- DIRECTIONS -
The response must consist of the lines below from the one with "functions (exponent vector" through the one with "nat \<Rightarrow> (nat list \<Rightarrow> real)", exactly as they appear and with both ends kept.

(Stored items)

Content starts

(* For every $i\in\{0,\ldots,k-n\}$, the interior of $C_i$ in $\mathcal{F}_{n+1,2d}$ is $$\mathrm{int}(C_i)=\{f\in\mathcal{F}_{n+1,2d} : \exists A\in\mathcal{G}^{-1}(f)\text{ such that } q_A(z)>0\text{ for all }[z]\in V_i(\mathbb{R})\}.$$
   Context: Let $n,d\geq 1$ be integers. $\mathcal{F}_{n+1,l}$ denotes the real vector space of real forms of degree $l$ in $X=(X_0,\ldots,X_n)$, with its Euclidean topology. Let $k:=\binom{n+d}{n}-1$. Order $I_{n+1,d}:=\{\alpha\in\mathbb{N}_0^{n+1}: |\alpha|=d\}$ lexicographically in decreasing order as $\alpha_0,\ldots,\alpha_k$ (so $\alpha_0=(d,0,\ldots,0)$, $\alpha_k=(0,\ldots,0,d)$), and set $m_j(X):=X^{\alpha_j}$. For $A\in\mathrm{Sym}_{k+1}(\mathbb{R})$ let $q_A(Z):=ZAZ^t$, $Z=(Z_0,\ldots,Z_k)$, and let $\mathcal{G}:\mathrm{Sym}_{k+1}(\mathbb{R})\to\mathcal{F}_{n+1,2d}$, $\mathcal{G}(A):=q_A(m_0(X),\ldots,m_k(X))$. For $i\in\{0,\ldots,k-n\}$ let $H_i:=\{[z]\in\mathbb{P}^k(\mathbb{C}) : \exists x\in\mathbb{C}^{n+1},\ (z_0,\ldots,z_{n+i})=(m_0(x),\ldots,m_{n+i}(x))\}$, $V_i$ its Zariski closure in $\mathbb{P}^k$, $V_i(\mathbb{R})$ its real points, and $C_i:=\{f\in\mathcal{F}_{n+1,2d} : \exists A\in\mathcal{G}^{-1}(f),\ q_A(z)\geq 0\ \forall [z]\in V_i(\mathbb{R})\}$. (For a quadratic form the conditions $q_A(z)\geq 0$, $q_A(z)>0$ do not depend on the chosen representative $z$ of $[z]$.) *)

theory Defs
  imports "HOL-Analysis.Analysis" "HOL-Library.List_Lexorder"
begin

definition expvecs :: "nat \<Rightarrow> nat \<Rightarrow> nat list set" where
  "expvecs n d = {\<alpha>. length \<alpha> = Suc n \<and> sum_list \<alpha> = d}"

definition kdim :: "nat \<Rightarrow> nat \<Rightarrow> nat" where
  "kdim n d = ((n + d) choose n) - 1"

definition alpha :: "nat \<Rightarrow> nat \<Rightarrow> nat \<Rightarrow> nat list" where
  "alpha n d j = rev (sorted_list_of_set (expvecs n d)) ! j"

definition mono :: "nat \<Rightarrow> nat \<Rightarrow> nat \<Rightarrow> (nat \<Rightarrow> complex) \<Rightarrow> complex" where
  "mono n d j x = (\<Prod>l\<le>n. x l ^ (alpha n d j ! l))"

(* F_{n+1,l}: real forms of degree l in X_0..X_n, represented by their coefficient
   functions (exponent vector \<mapsto> coefficient), supported on expvecs n l.
   The (product) topology on nat list \<Rightarrow> real induces the Euclidean topology on it. *)
definition forms :: "nat \<Rightarrow> nat \<Rightarrow> (nat list \<Rightarrow> real) set" where
  "forms n l = {f. \<forall>\<beta>. f \<beta> \<noteq> 0 \<longrightarrow> \<beta> \<in> expvecs n l}"

definition sym_mats :: "nat \<Rightarrow> (nat \<Rightarrow> nat \<Rightarrow> real) set" where
  "sym_mats k = {A. (\<forall>i j. A i j = A j i) \<and> (\<forall>i j. A i j \<noteq> 0 \<longrightarrow> i \<le> k \<and> j \<le> k)}"

definition qform :: "nat \<Rightarrow> (nat \<Rightarrow> nat \<Rightarrow> real) \<Rightarrow> (nat \<Rightarrow> real) \<Rightarrow> real" where
  "qform k A z = (\<Sum>i\<le>k. \<Sum>j\<le>k. z i * A i j * z j)"

(* G(A) = q_A(m_0(X),...,m_k(X)), given by its coefficients:
   the coefficient of X^\<beta> is the sum of A i j over X^(alpha_i) X^(alpha_j) = X^\<beta> *)
definition Gmap :: "nat \<Rightarrow> nat \<Rightarrow> (nat \<Rightarrow> nat \<Rightarrow> real) \<Rightarrow> (nat list \<Rightarrow> real)" where
  "Gmap n d A = (\<lambda>\<beta>. \<Sum>i\<le>kdim n d. \<Sum>j\<le>kdim n d.
      if map2 (+) (alpha n d i) (alpha n d j) = \<beta> then A i j else 0)"

(* Points of P^k(C), represented by nonzero representatives z in C^(k+1)
   (coordinates z 0..z k, z j = 0 for j > k) *)
definition pts :: "nat \<Rightarrow> (nat \<Rightarrow> complex) set" where
  "pts k = {z. (\<exists>j\<le>k. z j \<noteq> 0) \<and> (\<forall>j>k. z j = 0)}"

definition hom_poly :: "nat \<Rightarrow> nat \<Rightarrow> (nat list \<Rightarrow> complex) \<Rightarrow> bool" where
  "hom_poly k e p \<longleftrightarrow> (\<forall>\<beta>. p \<beta> \<noteq> 0 \<longrightarrow> \<beta> \<in> expvecs k e)"

definition heval :: "nat \<Rightarrow> nat \<Rightarrow> (nat list \<Rightarrow> complex) \<Rightarrow> (nat \<Rightarrow> complex) \<Rightarrow> complex" where
  "heval k e p z = (\<Sum>\<beta>\<in>expvecs k e. p \<beta> * (\<Prod>l\<le>k. z l ^ (\<beta> ! l)))"

definition zariski_closure :: "nat \<Rightarrow> (nat \<Rightarrow> complex) set \<Rightarrow> (nat \<Rightarrow> complex) set" where
  "zariski_closure k S = {z \<in> pts k. \<forall>e p. hom_poly k e p \<and> (\<forall>w\<in>S. heval k e p w = 0)
       \<longrightarrow> heval k e p z = 0}"
lemma computable_compose_params:
  assumes h: "computable m h" and "length gs + n = m" and gs: "\<forall>g\<in>set gs. computable k g"
    and k: "k = j + n"
  shows "computable k (\<lambda>ys. h (map (\<lambda>g. g ys) gs @ drop j ys))"
proof -
  have "computable k (\<lambda>ys. h (map (\<lambda>g. g ys) (gs @ map (\<lambda>i ys. ys ! (i + j)) [0..<n])))"
    using assms by (intro computable_compose[OF h]) (auto intro: computable_nth)
  then show ?thesis
    by (rule computable_cong) (simp add: comp_def map_nth_shift k)
qed

lemma computable_comp1:
  assumes "computable 1 (\<lambda>v. F (v ! 0))" "computable n a"
  shows "computable n (\<lambda>xs. F (a xs))"
  using computable_compose[OF assms(1), of "[a]" n] assms(2) by simp

lemma computable_comp2:
  assumes "computable 2 (\<lambda>v. F (v ! 0) (v ! 1))" "computable n a" "computable n b"
  shows "computable n (\<lambda>xs. F (a xs) (b xs))"
  using computable_compose[OF assms(1), of "[a, b]" n] assms(2,3) by simp

lemma computable_rec_nat [computable_intros]:
  assumes z: "computable n z" and s: "computable (Suc (Suc n)) (\<lambda>ys. s (ys ! 0) (ys ! 1) (drop 2 ys))"
    and m: "computable n m"
  shows "computable n (\<lambda>xs. rec_nat (z xs) (\<lambda>i y. s i y xs) (m xs))"
proof -
  obtain ez where ez: "\<forall>xs. length xs = n \<longrightarrow> ev ez xs (z xs)" using z computable_def by auto
  obtain es where es: "\<forall>ys. length ys = Suc (Suc n) \<longrightarrow> ev es ys (s (ys ! 0) (ys ! 1) (drop 2 ys))"
    using s computable_def by auto
  have "ev (Prec ez es) (x # xs) (rec_nat (z xs) (\<lambda>i y. s i y xs) x)" if "length xs = n" for x xs
    using that by (induction x) (auto intro!: ev.intros ez[rule_format] es[rule_format, of "_ # _ # xs", simplified])
  then have "computable (Suc n) (\<lambda>ys. rec_nat (z (tl ys)) (\<lambda>i y. s i y (tl ys)) (hd ys))"
    unfolding computable_def by (auto intro!: exI[of _ "Prec ez es"] simp: length_Suc_conv)
  from computable_compose_params[OF this, of "[m]" n n 0] m show ?thesis by simp
qed

lemma computable_nth_drop2 [computable_intros]: "Suc (Suc i) < n \<Longrightarrow> computable n (\<lambda>ys. drop 2 ys ! i)"
  by (rule computable_cong[OF computable_nth[of "Suc (Suc i)"]]) auto

lemma computable_Suc [computable_intros]: "computable n a \<Longrightarrow> computable n (\<lambda>xs. Suc (a xs))"
  by (rule computable_comp1[OF computable_Suc_nth])

lemma computable_add [computable_intros]:
  "computable n a \<Longrightarrow> computable n b \<Longrightarrow> computable n (\<lambda>xs. a xs + b xs)"
proof (rule computable_comp2[where F = "(+)"])
  have "rec_nat a (\<lambda>i y. Suc y) b = a + (b::nat)" for a b by (induction b) auto
  moreover have "computable 2 (\<lambda>v. rec_nat (v ! 0) (\<lambda>i y. Suc y) (v ! 1))"
    by (intro computable_intros) auto
  ultimately show "computable 2 (\<lambda>v. v ! 0 + v ! 1)" by simp
qed

lemma computable_pred [computable_intros]: "computable n a \<Longrightarrow> computable n (\<lambda>xs. a xs - 1)"
proof (rule computable_comp1[where F = "\<lambda>x. x - 1"])
  have "rec_nat 0 (\<lambda>i y. i) b = b - (1::nat)" for b by (induction b) auto
  moreover have "computable 1 (\<lambda>v. rec_nat 0 (\<lambda>i y. i) (v ! 0))"
    by (intro computable_intros) auto
  ultimately show "computable 1 (\<lambda>v. v ! 0 - 1)" by simp
qed

lemma computable_diff [computable_intros]:
  "computable n a \<Longrightarrow> computable n b \<Longrightarrow> computable n (\<lambda>xs. a xs - b xs)"
proof (rule computable_comp2[where F = "(-)"])
  have "rec_nat a (\<lambda>i y. y - 1) b = a - (b::nat)" for a b by (induction b) auto
  moreover have "computable 2 (\<lambda>v. rec_nat (v ! 0) (\<lambda>i y. y - 1) (v ! 1))"
    by (intro computable_intros) auto
  ultimately show "computable 2 (\<lambda>v. v ! 0 - v ! 1)" by simp
qed

lemma computable_mult [computable_intros]:
  "computable n a \<Longrightarrow> computable n b \<Longrightarrow> computable n (\<lambda>xs. a xs * b xs)"
proof (rule computable_comp2[where F = "(*)"])
  have "rec_nat 0 (\<lambda>i y. y + a) b = a * (b::nat)" for a b by (induction b) auto
  moreover have "computable 2 (\<lambda>v. rec_nat 0 (\<lambda>i y. y + v ! 0) (v ! 1))"
    by (intro computable_intros) auto
  ultimately show "computable 2 (\<lambda>v. v ! 0 * v ! 1)" by simp
qed

lemma computable_mod2 [computable_intros]: "computable n a \<Longrightarrow> computable n (\<lambda>xs. a xs mod 2)"
proof (rule computable_comp1[where F = "\<lambda>x. x mod 2"])
  have "rec_nat 0 (\<lambda>i y. 1 - y) x = x mod (2::nat)" for x by (induction x) (auto simp: mod_Suc)
  moreover have "computable 1 (\<lambda>v. rec_nat 0 (\<lambda>i y. 1 - y) (v ! 0))"
    by (intro computable_intros) auto
  ultimately show "computable 1 (\<lambda>v. v ! 0 mod 2)" by simp
qed

definition decidable :: "nat \<Rightarrow> (nat list \<Rightarrow> bool) \<Rightarrow> bool" where
  "decidable n P \<longleftrightarrow> computable n (\<lambda>xs. of_bool (P xs))"

lemma computable_If [computable_intros]:
  assumes "decidable n P" "computable n a" "computable n b"
  shows "computable n (\<lambda>xs. if P xs then a xs else b xs)"
proof -
  have "computable n (\<lambda>xs. of_bool (P xs) * a xs + (1 - of_bool (P xs)) * b xs)"
    using assms unfolding decidable_def by (intro computable_intros)
  then show ?thesis by (rule computable_cong) auto
qed

lemma decidable_eq_0 [computable_intros]: "computable n a \<Longrightarrow> decidable n (\<lambda>xs. a xs = 0)"
  unfolding decidable_def
  by (rule computable_cong[where f = "\<lambda>xs. 1 - a xs"]) (auto intro: computable_intros)

lemma decidable_le [computable_intros]:
  "computable n a \<Longrightarrow> computable n b \<Longrightarrow> decidable n (\<lambda>xs. a xs \<le> b xs)"
  using decidable_eq_0[of n "\<lambda>xs. a xs - b xs"] computable_diff by simp

lemma decidable_less [computable_intros]:
  "computable n a \<Longrightarrow> computable n b \<Longrightarrow> decidable n (\<lambda>xs. a xs < b xs)"
  using decidable_le[of n "\<lambda>xs. Suc (a xs)" b] computable_Suc by (simp add: Suc_le_eq)

lemma decidable_not [computable_intros]: "decidable n P \<Longrightarrow> decidable n (\<lambda>xs. \<not> P xs)"
  unfolding decidable_def
  by (rule computable_cong[where f = "\<lambda>xs. 1 - of_bool (P xs)"]) (auto intro: computable_intros)
lemma splitting_complement_nondegenerate:
  assumes ns: "nonsingular q" and S: "splitting n b d p" and sp: "span (b ` {..<n}) \<noteq> UNIV"
  obtains w y where "\<forall>k<n. polar q w (d k) = 0" "\<forall>k<n. polar q y (d k) = 0" "polar q w y \<noteq> 0"
proof -
  have du: "dual_families n b d" by (rule splitting_dual_families[OF S])
  define proj where "proj z = (\<Sum>i<n. scale (polar q z (d i)) (b i))" for z
  have perp: "\<forall>k<n. polar q (z - proj z) (d k) = 0" for z
    using polar_dual_sum[OF du order_refl, of _ "\<lambda>i. polar q z (d i)"] unfolding proj_def
    by (simp add: polar_diff_left)
  obtain z where z: "z \<notin> span (b ` {..<n})" using sp by auto
  define w where "w = z - proj z"
  have "proj z \<in> span (b ` {..<n})"
    unfolding proj_def by (intro span_sum span_scale span_base) auto
  then have "w \<noteq> 0" using z unfolding w_def by auto
  then obtain x where x: "polar q w x \<noteq> 0" using ns unfolding nonsingular_def by blast
  have "polar q w (proj x) = 0"
    unfolding proj_def polar_sum_right polar_scale_right
    using splitting_orthogonal_basis[OF S perp[of z]] unfolding w_def by simp
  moreover have "polar q w (x - proj x) = polar q w x - polar q w (proj x)"
    using polar_diff_left[of x "proj x" w] polar_commute by metis
  ultimately have "polar q w (x - proj x) \<noteq> 0" using x by simp
  then show ?thesis using that perp unfolding w_def by blast
qed
lemma star_walk_of_walk_to_monitor:
  assumes "walk V E xs" "hd xs \<in> V - M" "last xs \<in> M" "set xs \<inter> X = {}"
  shows "\<exists>ws. walk (star_vertices V M - Some ` X) (star_edges V E M) ws
              \<and> hd ws = Some (hd xs) \<and> last ws = None"
proof -
  have "\<exists>x\<in>set xs. x \<in> M" using assms(1,3) unfolding walk_def by auto
  then obtain ys m zs where xs: "xs = ys @ m # zs" "m \<in> M" "\<forall>y\<in>set ys. y \<notin> M"
    using split_list_first_prop[of xs "\<lambda>x. x \<in> M"] by blast
  have "ys \<noteq> []" using assms(2) xs by auto
  have "set xs \<subseteq> V" "successively E xs" using assms(1) unfolding walk_def by auto
  then have ysN: "set ys \<subseteq> V - M" and "successively E ys" "E (last ys) m"
    using \<open>ys \<noteq> []\<close> xs by (auto simp: successively_append_iff successively_Cons)
  moreover have "last ys \<in> V - M" using ysN \<open>ys \<noteq> []\<close> last_in_set by blast
  ultimately have "successively (star_edges V E M) (map Some ys @ [None])"
    using \<open>ys \<noteq> []\<close> xs(2)
    by (auto simp: successively_append_iff successively_map last_map nbr_monitors_def
             elim!: successively_mono)
  moreover have "set (map Some ys @ [None]) \<subseteq> star_vertices V M - Some ` X"
    using ysN assms(4) xs(1) by (auto simp: star_vertices_def)
  ultimately show ?thesis using \<open>ys \<noteq> []\<close> xs(1)
    by (intro exI[of _ "map Some ys @ [None]"]) (auto simp: walk_def hd_map)
qed

lemma walk_to_monitor_of_star_walk:
  assumes "M \<subseteq> V" "X \<subseteq> V - M"
    and "walk (star_vertices V M - Some ` X) (star_edges V E M) ws"
    and "hd ws = Some v" "last ws = None"
  shows "\<exists>xs. walk V E xs \<and> hd xs = v \<and> last xs \<in> M \<and> set xs \<inter> X = {}"
proof -
  have "None \<in> set ws" using assms(3,5) unfolding walk_def by (metis last_in_set)
  then obtain ys zs where ws: "ws = ys @ None # zs" "\<forall>y\<in>set ys. y \<noteq> None"
    using split_list_first_prop[of ws "\<lambda>x. x = None"] by blast
  define us where "us = map the ys"
  have ys: "ys = map Some us"
    unfolding us_def using ws(2) by (induction ys) auto
  have "us \<noteq> []" using assms(4) ws ys by auto
  have "set ws \<subseteq> star_vertices V M - Some ` X" "successively (star_edges V E M) ws"
    using assms(3) unfolding walk_def by auto
  then have usN: "set us \<subseteq> V - M" "set us \<inter> X = {}" and "successively E us"
    and "last us \<in> nbr_monitors V E M"
    using \<open>us \<noteq> []\<close> unfolding ws(1) ys
    by (auto simp: star_vertices_def successively_append_iff successively_Cons
             successively_map last_map elim!: successively_mono)
  then obtain m where m: "m \<in> M" "E (last us) m" unfolding nbr_monitors_def by blast
  have "walk V E (us @ [m])"
    using \<open>successively E us\<close> m \<open>us \<noteq> []\<close> usN assms(1)
    by (auto simp: walk_def successively_append_iff)
  moreover have "hd (us @ [m]) = v" using assms(4) \<open>us \<noteq> []\<close> unfolding ws(1) ys by (auto simp: hd_map)
  ultimately show ?thesis
    using m usN assms by (intro exI[of _ "us @ [m]"]) auto
qed

lemma vertex_cut_star_iff_monitor_separator:
  assumes "M \<subseteq> V" "v \<in> V - M"
  shows "vertex_cut (star_vertices V M) (star_edges V E M) (Some ` X) (Some v) None
           \<longleftrightarrow> X \<subseteq> V - M - {v} \<and> monitor_separator V E M v X"
proof (cases "X \<subseteq> V - M - {v}")
  case True
  have "(\<exists>ws. walk (star_vertices V M - Some ` X) (star_edges V E M) ws
              \<and> hd ws = Some v \<and> last ws = None)
        \<longleftrightarrow> (\<exists>xs. walk V E xs \<and> hd xs = v \<and> last xs \<in> M \<and> set xs \<inter> X = {})"
  proof
    assume "\<exists>ws. walk (star_vertices V M - Some ` X) (star_edges V E M) ws
                 \<and> hd ws = Some v \<and> last ws = None"
    then show "\<exists>xs. walk V E xs \<and> hd xs = v \<and> last xs \<in> M \<and> set xs \<inter> X = {}"
      using walk_to_monitor_of_star_walk[OF assms(1)] True by blast
  next
    assume "\<exists>xs. walk V E xs \<and> hd xs = v \<and> last xs \<in> M \<and> set xs \<inter> X = {}"
    then obtain xs where "walk V E xs" "hd xs = v" "last xs \<in> M" "set xs \<inter> X = {}" by blast
    then show "\<exists>ws. walk (star_vertices V M - Some ` X) (star_edges V E M) ws
                    \<and> hd ws = Some v \<and> last ws = None"
      using star_walk_of_walk_to_monitor[of V E xs M X] assms(2) by auto
  qed
  moreover have "Some ` X \<subseteq> star_vertices V M - {Some v, None}"
    using True by (auto simp: star_vertices_def)
  ultimately show ?thesis
    using True unfolding vertex_cut_def monitor_separator_def by blast
next
  case False
  then have "\<not> Some ` X \<subseteq> star_vertices V M - {Some v, None}"
    by (auto simp: star_vertices_def)
  with False show ?thesis unfolding vertex_cut_def by blast
qed
text \<open>Vectors live in R^k (k arbitrary),
  represented as functions on {0..<k}; the inner product is the standard one.
  (Any factorization through a Hilbert space reduces to a finite-dimensional
  real one.) The 0 inserted into the Max set is harmless since squared norms are
  nonnegative, and makes the definition total for d = 0.\<close>
definition gamma2 :: "nat \<Rightarrow> (nat \<Rightarrow> nat \<Rightarrow> real) \<Rightarrow> real" where
  "gamma2 d M = Inf {c. \<exists>(k::nat) (v::nat \<Rightarrow> nat \<Rightarrow> real) (w::nat \<Rightarrow> nat \<Rightarrow> real).
       (\<forall>i<d. \<forall>j<d. M i j = (\<Sum>l<k. v i l * w j l)) \<and>
       c = Max (insert 0 ((\<lambda>i. \<Sum>l<k. (v i l)^2) ` {..<d} \<union> (\<lambda>j. \<Sum>l<k. (w j l)^2) ` {..<d}))}"

end

theory Submission
  imports Defs
begin

text \<open>With U_k the Chebyshev polynomials of the second kind, e_0 = 1 and e_j = 2 for j > 0,
  T_n(x) - T_n(y) = (x - y) \<Sum>_{j<n} e_j T_j(x) U_{n-1-j}(y), so the divided-difference matrix is
  a sum of n weighted rank-one matrices. Rescaling each term so that both factors are bounded
  by their maximum on [-1, X], X = 1 + \<delta>, which for |T_j| and |U_k| is attained at X, bounds
  \<gamma>_2 by \<Sum>_{j<n} e_j T_j(X) U_{n-1-j}(X) = T_n'(X). Writing X = cosh t gives
  T_a(X) T_b(X) \<le> T_{a+b}(X) and U_k(X) \<le> (k + 1) T_k(X), whence T_n'(X) \<le> n^2 T_n(X).
  This is stronger than the claimed bound and does not need \<delta> < 1.\<close>

fun chebU :: "nat \<Rightarrow> real \<Rightarrow> real" where
  "chebU 0 x = 1"
| "chebU (Suc 0) x = 2 * x"
| "chebU (Suc (Suc n)) x = 2 * x * chebU (Suc n) x - chebU n x"

lemma chebU_Suc: "chebU (Suc k) x = x * chebU k x + cheb (Suc k) x"
proof (induction k x rule: chebU.induct)
  case (3 n x)
  have "chebU (Suc (Suc (Suc n))) x
      = 2 * x * (x * chebU (Suc n) x + cheb (Suc (Suc n)) x) - (x * chebU n x + cheb (Suc n) x)"
    using 3 by (simp only: chebU.simps)
  also have "\<dots> = x * chebU (Suc (Suc n)) x + cheb (Suc (Suc (Suc n))) x"
    by (simp only: chebU.simps cheb.simps) (simp add: algebra_simps)
  finally show ?case .
qed simp_all

lemma chebU_eq_sum_cheb: "chebU k x = (\<Sum>i\<le>k. x ^ (k - i) * cheb i x)"
proof (induction k)
  case 0
  then show ?case by simp
next
  case (Suc k)
  have "(\<Sum>i\<le>Suc k. x ^ (Suc k - i) * cheb i x) = x * (\<Sum>i\<le>k. x ^ (k - i) * cheb i x) + cheb (Suc k) x"
    by (simp add: sum_distrib_left Suc_diff_le mult.assoc)
  then show ?case
    using Suc by (simp add: chebU_Suc)
qed

lemma cheb_cos: "cheb k (cos t) = cos (real k * t)"
proof (induction k "cos t" rule: cheb.induct)
  case (3 k)
  have "cos (real (Suc (Suc k)) * t) = 2 * cos t * cos (real (Suc k) * t) - cos (real k * t)"
    using cos_add[of "real (Suc k) * t" t] cos_diff[of "real (Suc k) * t" t]
    by (simp add: algebra_simps)
  then show ?case
    using 3 by simp
qed simp_all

Content ends

- SOLUTION BELOW -
   functions (exponent vector \<mapsto> coefficient), supported on expvecs n l.
   The (product) topology on nat list \<Rightarrow> real induces the Euclidean topology on it. *)
definition forms :: "nat \<Rightarrow> nat \<Rightarrow> (nat list \<Rightarrow> real) set" where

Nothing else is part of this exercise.